大学生の頃、友達に「好きになったら、相手のことをもっと知りたいし、自分のことももっと知って欲しいと思わない?」と聞かれたことがありました。正直私はピンときませんでした。相手のことを知りたいという気持ちはわかるけれど、自分を知って欲しいとは考えたことがなかったからです。自分を知って欲しいと思えることは、弱いところがなく自信があるからなんだと当時の私は思っていました。だから友達は自信があってすごいなぁと少し羨ましく見ていました。

前の記事で弱みに関して書いたのですが、私は約束をするのがとても苦手です。言葉にすればとても簡単で、些細なことに思われるというのは承知しているのですが、自分にとっては昔からの悩みです。なので、これを実際の生活で会う人や知人に言うことはほとんどありません。仲の良い友人には大人になってから言えるようになりました。

楽しみではない予定ならともかく、会いたい人にも会いたいと言えなかったり、約束を断ってしまうことは誤解されることもあり、相手にも申し訳ない気持ちでいっぱいになって落ち込みます。

そういう時に今まではずっと、理由をつけてはぐらかしていましたが、隠す事にも疲れたなと最近ふと思いました。

その場を嘘でしのいでも、根本的には何も変わらない。それを嫌と言うほど感じてきたからです。じゃあなぜ今まで言えなかったのかと考えてみると、

こんな話をしたら、相手からどう思われるんだろう。

この恐怖がずっと私のなかにあったからです。でも、これは少し違うんじゃないかなと思うようになりました。

私が自分の弱い部分を話すという『伝える』行為と、相手がそれを聞いてどう『思う』かは全くの別問題です。
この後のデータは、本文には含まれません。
(* Let $T_{ab}$ be any rank-2 tensor. Then $T_{ac}T_b{}^c=f g_{ab}$ for some real $f$ if and only if $T_a{}^b$ is a null-cone preserving map, i.e. $k^aT_a{}^b$ is null or zero for every null vector $k$.
   Context: Lorentzian metric $g_{ab}$ of signature $(+,-,\dots,-)$ in dimension $N\ge2$; a vector $v$ is null if $v\neq0$ and $v_av^a=0$. *)

theory Defs
  imports "HOL-Analysis.Analysis"
begin

text \<open>Components of tensors w.r.t. a fixed basis indexed by the finite type 'n
  (dimension N = CARD('n)). A metric / covariant rank-2 tensor is a matrix
  g :: real^'n^'n with entries g_ab; a vector k^a is an element of real^'n.\<close>

definition lorentzian :: "real^'n^'n \<Rightarrow> bool" where
  "lorentzian g \<longleftrightarrow> transpose g = g \<and>
     (\<exists>P :: real^'n^'n. \<exists>i0. invertible P \<and>
        transpose P ** g ** P = (\<chi> i j. if i = j then (if i = i0 then 1 else -1) else 0))"

definition metric_prod :: "real^'n^'n \<Rightarrow> real^'n \<Rightarrow> real^'n \<Rightarrow> real" where
  "metric_prod g v w = v \<bullet> (g *v w)"

definition is_null :: "real^'n^'n \<Rightarrow> real^'n \<Rightarrow> bool" where
  "is_null g v \<longleftrightarrow> v \<noteq> 0 \<and> metric_prod g v v = 0"

text \<open>Index raising: T_a^b = T_ac g^cb, with g^ab the inverse metric.\<close>
definition raise2 :: "real^'n^'n \<Rightarrow> real^'n^'n \<Rightarrow> real^'n^'n" where
  "raise2 g T = T ** matrix_inv g"

definition contract_vec :: "real^'n \<Rightarrow> real^'n^'n \<Rightarrow> real^'n" where
  "contract_vec k M = k v* M"

text \<open>T_ac T_b^c = T_ac g^cd T_bd\<close>
definition TT_contr :: "real^'n^'n \<Rightarrow> real^'n^'n \<Rightarrow> real^'n^'n" where
  "TT_contr g T = T ** matrix_inv g ** transpose T"

definition null_cone_preserving :: "real^'n^'n \<Rightarrow> real^'n^'n \<Rightarrow> bool" where
  "null_cone_preserving g M \<longleftrightarrow>
     (\<forall>k. is_null g k \<longrightarrow> is_null g (contract_vec k M) \<or> contract_vec k M = 0)"

end

theory Submission
  imports Defs
begin

text \<open>Put S = T g^-1 T^t, the matrix of T_ac T_b^c. For every k the vector k^a T_a^b has
  g-norm k S k, so T_a^b preserves the null cone exactly when the quadratic form of S vanishes on
  the null cone of g. In a basis where g = diag(1,-1,...,-1) the null vectors e_0 \<plusminus> e_j force
  S_0j = 0 and S_jj = -S_00, and the null vector 5e_0 + 3e_j + 4e_l then forces S_jl = 0;
  hence S = S_00 g.\<close>

lemma matrix_inv_right: "invertible A \<Longrightarrow> A ** matrix_inv A = mat 1"
  and matrix_inv_left: "invertible A \<Longrightarrow> matrix_inv A ** A = mat 1"
  using someI_ex[of "\<lambda>A'. A ** A' = mat 1 \<and> A' ** A = mat 1"]
  unfolding invertible_def matrix_inv_def by auto

lemma transpose_matrix_inv_symmetric:
  fixes A :: "'a::field^'n^'n"
  assumes "transpose A = A" and "invertible A"
  shows "transpose (matrix_inv A) = matrix_inv A"
proof -
  have inv_t: "transpose (matrix_inv A) ** A = mat 1"
    by (metis assms matrix_inv_right matrix_transpose_mul transpose_mat)
  have "transpose (matrix_inv A) = transpose (matrix_inv A) ** (A ** matrix_inv A)"
    using matrix_inv_right[OF assms(2)] by simp
  also have "\<dots> = (transpose (matrix_inv A) ** A) ** matrix_inv A"
    by (simp only: matrix_mul_assoc)
  finally show ?thesis
    using inv_t by simp
qed

lemma transpose_congruence:
  fixes A P :: "'a::comm_semiring_1^'n^'n"
  shows "transpose (transpose P ** A ** P) = transpose P ** transpose A ** P"
  by (simp add: matrix_transpose_mul matrix_mul_assoc)

lemma congruence_cancel:
  fixes A B P :: "'a::field^'n^'n"
  assumes "invertible P" and "transpose P ** A ** P = transpose P ** B ** P"
  shows "A = B"
proof -
  define Q where "Q = matrix_inv P"
  have PQ: "P ** Q = mat 1"
    using matrix_inv_right[OF assms(1)] by (simp add: Q_def)
  have "transpose Q ** (transpose P ** A ** P) ** Q = transpose (P ** Q) ** A ** (P ** Q)" for A
    by (simp add: matrix_transpose_mul matrix_mul_assoc)
  then show ?thesis
    using assms(2) PQ by (metis matrix_mul_lid matrix_mul_rid transpose_mat)
qed

lemma metric_prod_axis: "metric_prod A (axis i 1) (axis j 1) = A$i$j"
  by (simp add: metric_prod_def inner_axis' matrix_vector_mult_basis column_def)

lemma metric_prod_scaleR_left: "metric_prod (f *\<^sub>R A) x y = f * metric_prod A x y"
  by (simp add: metric_prod_def scaleR_matrix_vector_assoc[symmetric])

lemma metric_prod_congruence:
  "metric_prod A (P *v x) (P *v y) = metric_prod (transpose P ** A ** P) x y"
proof -
  have "(P *v x) \<bullet> (A *v (P *v y)) = (x v* transpose P) \<bullet> (A *v (P *v y))"
    by simp
  also have "\<dots> = x \<bullet> (transpose P *v (A *v (P *v y)))"
    by (rule dot_lmul_matrix)
  finally show ?thesis
    by (simp add: metric_prod_def matrix_vector_mul_assoc matrix_mul_assoc)
qed

lemma metric_prod_axis3:
  fixes A :: "real^'n^'n" and a b c :: real and i j l :: 'n
  defines "x \<equiv> a *\<^sub>R axis i 1 + b *\<^sub>R axis j 1 + c *\<^sub>R axis l 1"
  shows "metric_prod A x x = a*a*A$i$i + b*b*A$j$j + c*c*A$l$l
    + a*b*(A$i$j + A$j$i) + a*c*(A$i$l + A$l$i) + b*c*(A$j$l + A$l$j)"
  using metric_prod_axis[of A]
  by (simp add: x_def metric_prod_def matrix_vector_right_distrib matrix_vector_mult_scaleR
      inner_add_left inner_add_right algebra_simps)

definition minkowski_diag :: "'n \<Rightarrow> real^'n^'n" where
  "minkowski_diag i0 = (\<chi> i j. if i = j then (if i = i0 then 1 else -1) else 0)"

lemma minkowski_diag_nth:
  "minkowski_diag i0 $ i $ j = (if i = j then (if i = i0 then 1 else -1) else 0)"
  by (simp add: minkowski_diag_def)

lemma invertible_minkowski_diag: "invertible (minkowski_diag i0)"
proof -
  have "(\<Sum>k\<in>UNIV. minkowski_diag i0 $ i $ k * minkowski_diag i0 $ k $ j)
      = (\<Sum>k\<in>UNIV. if k = i then minkowski_diag i0 $ i $ i * minkowski_diag i0 $ i $ j else 0)"
    for i j
    by (rule sum.cong) (auto simp: minkowski_diag_nth)
  then have "minkowski_diag i0 ** minkowski_diag i0 = mat 1"
    by (simp add: matrix_matrix_mult_def mat_def vec_eq_iff minkowski_diag_nth)
  then show ?thesis
    unfolding invertible_def by blast
qed

lemma lorentzian_invertible:
  fixes g :: "real^'n^'n"
  assumes "lorentzian g"
  shows "invertible g"
proof -
  obtain P :: "real^'n^'n" and i0 where "invertible P"
    and "transpose P ** g ** P = minkowski_diag i0"
    using assms unfolding lorentzian_def minkowski_diag_def by blast
  then have "det P * det g * det P \<noteq> 0"
    using invertible_minkowski_diag[of i0] by (metis invertible_det_nz det_mul det_transpose)
  then show ?thesis
    by (simp add: invertible_det_nz)
qed

lemma minkowski_null_cone_determines_form:
  fixes S :: "real^'n^'n"
  assumes "transpose S = S"
    and null: "\<And>x. is_null (minkowski_diag i0) x \<Longrightarrow> metric_prod S x x = 0"
  shows "S = S$i0$i0 *\<^sub>R minkowski_diag i0"
proof -
  let ?\<eta> = "minkowski_diag i0"
  have sym: "S$i$j = S$j$i" for i j
    using assms(1) by (metis transpose_def vec_lambda_beta)
  have axis3_nonzero: "a *\<^sub>R axis i0 1 + b *\<^sub>R axis j 1 + c *\<^sub>R axis l 1 \<noteq> (0::real^'n)"
    if "j \<noteq> i0" "l \<noteq> i0" "a \<noteq> 0" for a b c j l
  proof
    assume "a *\<^sub>R axis i0 1 + b *\<^sub>R axis j 1 + c *\<^sub>R axis l 1 = (0::real^'n)"
    then have "(a *\<^sub>R axis i0 1 + b *\<^sub>R axis j 1 + c *\<^sub>R axis l (1::real)) $ i0 = 0"
      by simp
    with that show False
      by (simp add: axis_def)
  qed
  have null_axis3: "a*a*S$i0$i0 + b*b*S$j$j + c*c*S$l$l + a*b*(S$i0$j + S$j$i0)
      + a*c*(S$i0$l + S$l$i0) + b*c*(S$j$l + S$l$j) = 0"
    if "j \<noteq> i0" "l \<noteq> i0" "a \<noteq> 0"
      and "a*a*?\<eta>$i0$i0 + b*b*?\<eta>$j$j + c*c*?\<eta>$l$l + a*b*(?\<eta>$i0$j + ?\<eta>$j$i0)
        + a*c*(?\<eta>$i0$l + ?\<eta>$l$i0) + b*c*(?\<eta>$j$l + ?\<eta>$l$j) = 0"
    for a b c j l
    using null[of "a *\<^sub>R axis i0 1 + b *\<^sub>R axis j 1 + c *\<^sub>R axis l 1"]
      axis3_nonzero[OF that(1-3)] that(4)
    by (simp only: is_null_def metric_prod_axis3) simp
  have time_space: "S$i0$j = 0" and space_diag: "S$j$j = - S$i0$i0" if "j \<noteq> i0" for j
  proof -
    have "S$i0$i0 + S$j$j + 2 * S$i0$j = 0"
      using null_axis3[OF that that, of 1 1 0] that sym[of j i0] by (simp add: minkowski_diag_nth)
    moreover have "S$i0$i0 + S$j$j - 2 * S$i0$j = 0"
      using null_axis3[OF that that, of 1 "-1" 0] that sym[of j i0] by (simp add: minkowski_diag_nth)
    ultimately show "S$i0$j = 0" "S$j$j = - S$i0$i0"
      by linarith+
  qed
  have space_offdiag: "S$j$l = 0" if "j \<noteq> i0" "l \<noteq> i0" "j \<noteq> l" for j l
  proof -
    have "25*S$i0$i0 + 9*S$j$j + 16*S$l$l + 15*(S$i0$j + S$j$i0) + 20*(S$i0$l + S$l$i0)
        + 12*(S$j$l + S$l$j) = 0"
      using null_axis3[OF that(1,2), of 5 3 4] that by (simp add: minkowski_diag_nth)
    then show ?thesis
      using time_space[OF that(1)] time_space[OF that(2)] space_diag[OF that(1)]
        space_diag[OF that(2)] sym[of j i0] sym[of l i0] sym[of l j]
      by (simp add: algebra_simps)
  qed
  show ?thesis
  proof (rule iffD2[OF vec_eq_iff], intro allI iffD2[OF vec_eq_iff])
    fix i j
    show "S$i$j = (S$i0$i0 *\<^sub>R ?\<eta>)$i$j"
    proof (cases "i = i0")
      case True
      then show ?thesis
        using time_space[of j] by (cases "j = i0") (auto simp: minkowski_diag_nth)
    next
      case False
      then show ?thesis
        using time_space[of i] sym[of i i0] space_offdiag[of i j] space_diag[of i]
        by (cases "j = i0"; cases "i = j") (auto simp: minkowski_diag_nth)
    qed
  qed
qed

lemma null_cone_determines_form:
  fixes g S :: "real^'n^'n"
  assumes "lorentzian g" and "transpose S = S"
    and null: "\<And>k. is_null g k \<Longrightarrow> metric_prod S k k = 0"
  shows "\<exists>f. S = f *\<^sub>R g"
proof -
  obtain P :: "real^'n^'n" and i0 where P: "invertible P"
    and g_diag: "transpose P ** g ** P = minkowski_diag i0"
    using assms(1) unfolding lorentzian_def minkowski_diag_def by blast
  define S' where "S' = transpose P ** S ** P"
  have "metric_prod S' x x = 0" if "is_null (minkowski_diag i0) x" for x
  proof -
    have "P *v x \<noteq> 0"
      using that P unfolding is_null_def invertible_def
      by (metis matrix_vector_mul_assoc matrix_vector_mul_lid matrix_vector_mult_0_right)
    moreover have "metric_prod g (P *v x) (P *v x) = 0"
      using that by (simp add: is_null_def metric_prod_congruence g_diag)
    ultimately show ?thesis
      using null[of "P *v x"] by (simp add: is_null_def S'_def metric_prod_congruence)
  qed
  moreover have "transpose S' = S'"
    using assms(2) by (simp add: S'_def transpose_congruence)
  ultimately have "S' = S'$i0$i0 *\<^sub>R minkowski_diag i0"
    using minkowski_null_cone_determines_form by blast
  moreover have "transpose P ** (c *\<^sub>R g) ** P = c *\<^sub>R (transpose P ** g ** P)" for c
    by (simp add: matrix_scalar_ac scalar_matrix_assoc)
  ultimately have "transpose P ** S ** P = transpose P ** (S'$i0$i0 *\<^sub>R g) ** P"
    by (simp add: S'_def g_diag)
  then show ?thesis
    using congruence_cancel[OF P] by blast
qed

lemma multiple_iff_null_cone_vanishing:
  fixes g S :: "real^'n^'n"
  assumes "lorentzian g" and "transpose S = S"
  shows "(\<exists>f. S = f *\<^sub>R g) \<longleftrightarrow> (\<forall>k. is_null g k \<longrightarrow> metric_prod S k k = 0)"
  using null_cone_determines_form[OF assms]
  by (auto simp: metric_prod_scaleR_left is_null_def)

lemma transpose_TT_contr:
  assumes "transpose g = g" and "invertible g"
  shows "transpose (TT_contr g T) = TT_contr g T"
  using transpose_matrix_inv_symmetric[OF assms]
  by (simp add: TT_contr_def matrix_transpose_mul matrix_mul_assoc)

lemma metric_prod_contract_raise2:
  fixes g T :: "real^'n^'n" and k :: "real^'n"
  assumes "transpose g = g" and "invertible g"
  defines "w \<equiv> contract_vec k (raise2 g T)"
  shows "metric_prod g w w = metric_prod (TT_contr g T) k k"
proof -
  let ?G = "matrix_inv g"
  have G_sym: "transpose ?G = ?G"
    using transpose_matrix_inv_symmetric[OF assms(1,2)] .
  have "w = transpose (T ** ?G) *v k"
    by (simp add: w_def contract_vec_def raise2_def)
  also have "\<dots> = (?G ** transpose T) *v k"
    using G_sym by (simp only: matrix_transpose_mul)
  finally have "metric_prod g w w
      = metric_prod (T ** (?G ** g) ** ?G ** transpose T) k k"
    using G_sym by (simp add: metric_prod_congruence matrix_transpose_mul matrix_mul_assoc)
  then show ?thesis
    by (simp add: matrix_inv_left[OF assms(2)] TT_contr_def)
qed

lemma null_cone_preserving_raise2_iff:
  assumes "transpose g = g" and "invertible g"
  shows "null_cone_preserving g (raise2 g T)
    \<longleftrightarrow> (\<forall>k. is_null g k \<longrightarrow> metric_prod (TT_contr g T) k k = 0)"
proof -
  have "is_null g w \<or> w = 0 \<longleftrightarrow> metric_prod g w w = 0" for w
    by (auto simp: is_null_def metric_prod_def)
  then show ?thesis
    unfolding null_cone_preserving_def by (simp add: metric_prod_contract_raise2[OF assms])
qed

theorem mainTheorem8:
  fixes g T :: "real^'n^'n"
  assumes "CARD('n) \<ge> 2"
    and "lorentzian g"
  shows "(\<exists>f::real. TT_contr g T = f *\<^sub>R g) \<longleftrightarrow> null_cone_preserving g (raise2 g T)"
proof -
  have "transpose g = g" and "invertible g"
    using assms(2) lorentzian_invertible unfolding lorentzian_def by blast+
  then show ?thesis
    using multiple_iff_null_cone_vanishing[OF assms(2) transpose_TT_contr]
      null_cone_preserving_raise2_iff by blast
qed

end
私ができる事は、嘘をつかないで話すこと。これだけです。相手がどう思うかは私が変えられることではないし、どう思うかは相手にも自由があります。もしかしたら面倒だなと思うかもしれないし、疎遠になってしまうこともあるかもしれません。でもそれは相手はもちろん悪くないですし、伝えたことを後悔したり、自分の事を責める必要も無いと思います。嘘をつかないで、本当のことを伝えることができた。その行動を起こすことができた、という事こそが私にとって重要なことであって、受け入れてもらえるかは今は重要ではないことだと思おうと決めました。

人と向き合うってどういうことなんだろうとここ数年考えることが多かったのですが、自分の弱さを認めることや受け入れる事。自分と向き合うことをしないで相手と向き合うなんて無理だなと気づきました。

大学の時、友達が言った「自分のことを知ってもらいたい」という意味が、良いところだけじゃなくて弱さも含めた自分を知ってもらいたいということだったんだなと、ずいぶん時間がたってしまいましたがわかったような気がします。